• DATASET EXTRACT
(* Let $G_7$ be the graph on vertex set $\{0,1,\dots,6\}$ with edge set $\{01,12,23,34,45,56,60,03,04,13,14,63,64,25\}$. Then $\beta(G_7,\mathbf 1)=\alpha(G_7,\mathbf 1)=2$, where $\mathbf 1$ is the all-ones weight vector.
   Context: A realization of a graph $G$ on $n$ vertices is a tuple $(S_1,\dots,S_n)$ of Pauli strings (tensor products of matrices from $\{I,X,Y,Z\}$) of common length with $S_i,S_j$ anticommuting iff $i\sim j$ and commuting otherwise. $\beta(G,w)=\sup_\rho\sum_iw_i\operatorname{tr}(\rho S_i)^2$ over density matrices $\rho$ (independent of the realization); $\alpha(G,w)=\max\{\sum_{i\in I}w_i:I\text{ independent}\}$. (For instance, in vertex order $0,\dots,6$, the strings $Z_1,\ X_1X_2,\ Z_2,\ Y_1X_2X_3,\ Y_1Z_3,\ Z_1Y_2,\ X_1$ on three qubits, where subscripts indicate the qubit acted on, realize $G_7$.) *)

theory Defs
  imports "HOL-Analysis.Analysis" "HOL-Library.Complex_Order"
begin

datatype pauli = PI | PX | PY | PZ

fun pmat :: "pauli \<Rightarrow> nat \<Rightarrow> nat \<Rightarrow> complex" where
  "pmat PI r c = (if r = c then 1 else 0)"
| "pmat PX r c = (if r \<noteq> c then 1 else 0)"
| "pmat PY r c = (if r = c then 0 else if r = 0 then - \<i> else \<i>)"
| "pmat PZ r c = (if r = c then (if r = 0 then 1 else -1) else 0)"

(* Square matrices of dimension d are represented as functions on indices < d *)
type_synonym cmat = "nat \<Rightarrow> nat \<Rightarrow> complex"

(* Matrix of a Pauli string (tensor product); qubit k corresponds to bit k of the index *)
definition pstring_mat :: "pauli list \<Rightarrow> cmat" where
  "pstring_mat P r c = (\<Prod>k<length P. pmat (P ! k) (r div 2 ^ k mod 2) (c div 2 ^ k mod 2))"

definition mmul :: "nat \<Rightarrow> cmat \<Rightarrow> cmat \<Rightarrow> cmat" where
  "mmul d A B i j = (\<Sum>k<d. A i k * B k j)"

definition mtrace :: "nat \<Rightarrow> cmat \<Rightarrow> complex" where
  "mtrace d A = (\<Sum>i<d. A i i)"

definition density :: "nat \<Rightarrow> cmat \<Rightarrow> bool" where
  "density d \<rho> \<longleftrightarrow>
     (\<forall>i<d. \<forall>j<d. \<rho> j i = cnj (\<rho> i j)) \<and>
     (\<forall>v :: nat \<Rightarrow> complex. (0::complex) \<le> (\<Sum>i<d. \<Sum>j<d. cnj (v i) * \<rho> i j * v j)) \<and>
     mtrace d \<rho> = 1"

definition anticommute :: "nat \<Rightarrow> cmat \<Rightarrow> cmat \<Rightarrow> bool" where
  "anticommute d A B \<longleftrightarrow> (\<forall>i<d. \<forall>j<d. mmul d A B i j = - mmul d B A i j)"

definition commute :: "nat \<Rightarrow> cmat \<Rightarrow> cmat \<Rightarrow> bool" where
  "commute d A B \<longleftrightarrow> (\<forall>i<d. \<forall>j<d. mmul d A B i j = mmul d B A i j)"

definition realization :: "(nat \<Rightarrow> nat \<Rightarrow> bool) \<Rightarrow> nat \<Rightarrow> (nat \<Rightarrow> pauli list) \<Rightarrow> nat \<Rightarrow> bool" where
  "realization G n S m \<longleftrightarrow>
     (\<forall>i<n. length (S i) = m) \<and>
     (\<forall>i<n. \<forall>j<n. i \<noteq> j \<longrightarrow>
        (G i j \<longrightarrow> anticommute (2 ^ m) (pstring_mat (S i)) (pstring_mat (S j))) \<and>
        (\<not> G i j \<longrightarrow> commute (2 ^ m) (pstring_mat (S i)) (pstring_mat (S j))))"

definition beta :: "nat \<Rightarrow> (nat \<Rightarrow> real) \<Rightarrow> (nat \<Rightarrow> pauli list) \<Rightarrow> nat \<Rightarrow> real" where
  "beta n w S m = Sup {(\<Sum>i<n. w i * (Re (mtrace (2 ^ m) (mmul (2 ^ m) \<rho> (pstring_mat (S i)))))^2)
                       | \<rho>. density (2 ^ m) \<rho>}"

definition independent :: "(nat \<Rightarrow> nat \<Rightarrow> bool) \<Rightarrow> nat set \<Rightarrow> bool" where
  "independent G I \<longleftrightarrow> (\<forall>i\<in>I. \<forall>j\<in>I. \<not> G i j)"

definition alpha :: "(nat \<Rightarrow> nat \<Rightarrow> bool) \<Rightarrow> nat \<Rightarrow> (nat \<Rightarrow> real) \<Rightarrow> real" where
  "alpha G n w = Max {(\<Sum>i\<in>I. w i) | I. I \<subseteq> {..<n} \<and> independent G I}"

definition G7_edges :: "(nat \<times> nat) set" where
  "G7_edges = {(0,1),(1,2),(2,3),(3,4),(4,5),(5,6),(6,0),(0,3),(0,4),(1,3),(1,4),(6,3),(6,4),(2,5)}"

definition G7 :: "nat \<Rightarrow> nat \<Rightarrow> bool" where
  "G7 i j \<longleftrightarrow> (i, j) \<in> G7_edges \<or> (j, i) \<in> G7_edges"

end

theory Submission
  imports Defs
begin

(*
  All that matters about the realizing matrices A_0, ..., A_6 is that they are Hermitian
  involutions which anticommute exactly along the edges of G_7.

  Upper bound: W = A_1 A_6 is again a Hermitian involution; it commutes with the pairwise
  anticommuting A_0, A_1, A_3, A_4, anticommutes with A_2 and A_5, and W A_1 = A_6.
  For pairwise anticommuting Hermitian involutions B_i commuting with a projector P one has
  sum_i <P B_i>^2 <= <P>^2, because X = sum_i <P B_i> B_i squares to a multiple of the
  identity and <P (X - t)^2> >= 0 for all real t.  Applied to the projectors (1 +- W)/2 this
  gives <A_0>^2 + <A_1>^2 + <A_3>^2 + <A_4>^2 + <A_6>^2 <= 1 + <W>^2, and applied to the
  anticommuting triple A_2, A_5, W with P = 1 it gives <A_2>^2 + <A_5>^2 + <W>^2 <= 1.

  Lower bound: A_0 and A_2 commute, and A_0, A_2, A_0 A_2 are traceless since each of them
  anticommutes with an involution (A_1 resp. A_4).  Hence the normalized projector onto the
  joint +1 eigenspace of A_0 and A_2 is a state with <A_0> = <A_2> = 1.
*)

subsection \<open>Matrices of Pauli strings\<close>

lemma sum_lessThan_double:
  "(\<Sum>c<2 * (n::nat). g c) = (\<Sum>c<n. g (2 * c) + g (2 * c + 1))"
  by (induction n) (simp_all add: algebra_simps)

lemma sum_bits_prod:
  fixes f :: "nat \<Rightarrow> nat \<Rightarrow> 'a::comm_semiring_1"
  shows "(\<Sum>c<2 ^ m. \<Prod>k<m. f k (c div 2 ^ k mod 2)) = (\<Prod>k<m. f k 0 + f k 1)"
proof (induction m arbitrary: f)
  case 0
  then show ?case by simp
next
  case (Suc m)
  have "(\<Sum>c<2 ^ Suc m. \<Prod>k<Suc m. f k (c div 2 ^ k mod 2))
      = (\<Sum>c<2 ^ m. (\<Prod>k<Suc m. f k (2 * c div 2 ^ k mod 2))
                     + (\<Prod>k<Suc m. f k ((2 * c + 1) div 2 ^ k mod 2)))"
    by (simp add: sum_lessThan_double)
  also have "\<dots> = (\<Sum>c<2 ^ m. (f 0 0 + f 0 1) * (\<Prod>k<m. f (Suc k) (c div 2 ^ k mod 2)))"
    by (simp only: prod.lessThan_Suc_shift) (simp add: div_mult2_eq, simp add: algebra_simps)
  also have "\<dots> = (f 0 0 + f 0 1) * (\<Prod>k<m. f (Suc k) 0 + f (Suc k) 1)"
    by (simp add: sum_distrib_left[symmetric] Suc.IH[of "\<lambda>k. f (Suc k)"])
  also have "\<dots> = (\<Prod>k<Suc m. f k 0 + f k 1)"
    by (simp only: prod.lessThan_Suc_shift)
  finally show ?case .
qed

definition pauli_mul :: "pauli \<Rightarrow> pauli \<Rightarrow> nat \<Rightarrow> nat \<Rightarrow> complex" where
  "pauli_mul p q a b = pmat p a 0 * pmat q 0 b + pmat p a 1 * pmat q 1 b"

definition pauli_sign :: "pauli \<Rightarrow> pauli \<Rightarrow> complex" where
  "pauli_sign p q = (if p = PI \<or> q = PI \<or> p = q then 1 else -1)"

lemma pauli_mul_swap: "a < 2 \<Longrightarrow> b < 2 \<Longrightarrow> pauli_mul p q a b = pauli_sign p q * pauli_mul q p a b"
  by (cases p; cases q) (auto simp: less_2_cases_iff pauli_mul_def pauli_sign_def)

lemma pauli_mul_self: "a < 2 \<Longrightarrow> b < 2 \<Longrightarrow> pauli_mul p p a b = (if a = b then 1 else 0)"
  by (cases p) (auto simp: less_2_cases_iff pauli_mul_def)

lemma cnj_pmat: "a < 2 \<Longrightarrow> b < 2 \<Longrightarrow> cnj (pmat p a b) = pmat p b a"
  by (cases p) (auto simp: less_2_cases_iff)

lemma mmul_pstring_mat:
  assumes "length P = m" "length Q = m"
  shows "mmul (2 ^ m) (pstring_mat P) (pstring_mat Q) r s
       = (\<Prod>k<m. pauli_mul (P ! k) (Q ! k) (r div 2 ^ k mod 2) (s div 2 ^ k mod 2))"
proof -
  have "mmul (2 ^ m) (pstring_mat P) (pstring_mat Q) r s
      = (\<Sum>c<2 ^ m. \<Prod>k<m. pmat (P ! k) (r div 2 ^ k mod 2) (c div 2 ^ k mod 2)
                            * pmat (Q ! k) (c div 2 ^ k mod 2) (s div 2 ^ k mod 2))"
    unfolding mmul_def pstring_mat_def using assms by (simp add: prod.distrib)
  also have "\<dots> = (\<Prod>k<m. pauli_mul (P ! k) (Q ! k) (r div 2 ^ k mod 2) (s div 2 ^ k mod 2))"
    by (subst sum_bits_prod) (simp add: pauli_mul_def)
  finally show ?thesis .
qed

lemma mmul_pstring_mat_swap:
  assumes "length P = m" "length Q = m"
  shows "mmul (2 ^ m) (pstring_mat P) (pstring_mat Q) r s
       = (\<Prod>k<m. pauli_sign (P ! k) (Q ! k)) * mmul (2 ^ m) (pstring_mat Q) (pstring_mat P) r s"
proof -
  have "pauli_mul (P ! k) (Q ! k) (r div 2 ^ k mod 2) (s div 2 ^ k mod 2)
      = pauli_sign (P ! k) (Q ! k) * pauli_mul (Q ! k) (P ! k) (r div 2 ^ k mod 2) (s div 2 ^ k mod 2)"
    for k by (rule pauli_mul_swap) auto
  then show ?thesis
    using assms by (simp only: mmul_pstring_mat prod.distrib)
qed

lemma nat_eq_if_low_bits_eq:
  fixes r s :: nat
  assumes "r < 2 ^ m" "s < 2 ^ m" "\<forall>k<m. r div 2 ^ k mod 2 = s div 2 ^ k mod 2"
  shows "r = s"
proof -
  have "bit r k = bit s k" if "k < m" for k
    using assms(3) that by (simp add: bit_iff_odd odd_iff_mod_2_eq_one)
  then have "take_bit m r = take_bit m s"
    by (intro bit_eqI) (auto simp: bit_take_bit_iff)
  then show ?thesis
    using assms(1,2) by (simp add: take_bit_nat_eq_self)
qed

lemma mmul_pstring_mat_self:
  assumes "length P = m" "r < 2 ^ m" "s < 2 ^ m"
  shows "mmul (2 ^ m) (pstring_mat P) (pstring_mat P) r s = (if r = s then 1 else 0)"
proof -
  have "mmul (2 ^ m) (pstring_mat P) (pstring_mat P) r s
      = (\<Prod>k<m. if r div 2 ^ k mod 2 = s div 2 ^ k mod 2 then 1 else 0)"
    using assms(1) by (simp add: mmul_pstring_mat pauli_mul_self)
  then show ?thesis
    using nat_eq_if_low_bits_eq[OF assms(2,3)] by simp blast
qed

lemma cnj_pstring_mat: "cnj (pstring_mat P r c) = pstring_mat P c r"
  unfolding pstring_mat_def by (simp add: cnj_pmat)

• TASK DETAILS
Please return exactly the lines that run from the line with "(\<Prod>k<m. if r" through the end of the records above, both included, and nothing more.

• THE COMPLETED TASK
      = (\<Prod>k<m. if r div 2 ^ k mod 2 = s div 2 ^ k mod 2 then 1 else 0)"
    using assms(1) by (simp add: mmul_pstring_mat pauli_mul_self)
  then show ?thesis
    using nat_eq_if_low_bits_eq[OF assms(2,3)] by simp blast
qed

lemma cnj_pstring_mat: "cnj (pstring_mat P r c) = pstring_mat P c r"
  unfolding pstring_mat_def by (simp add: cnj_pmat)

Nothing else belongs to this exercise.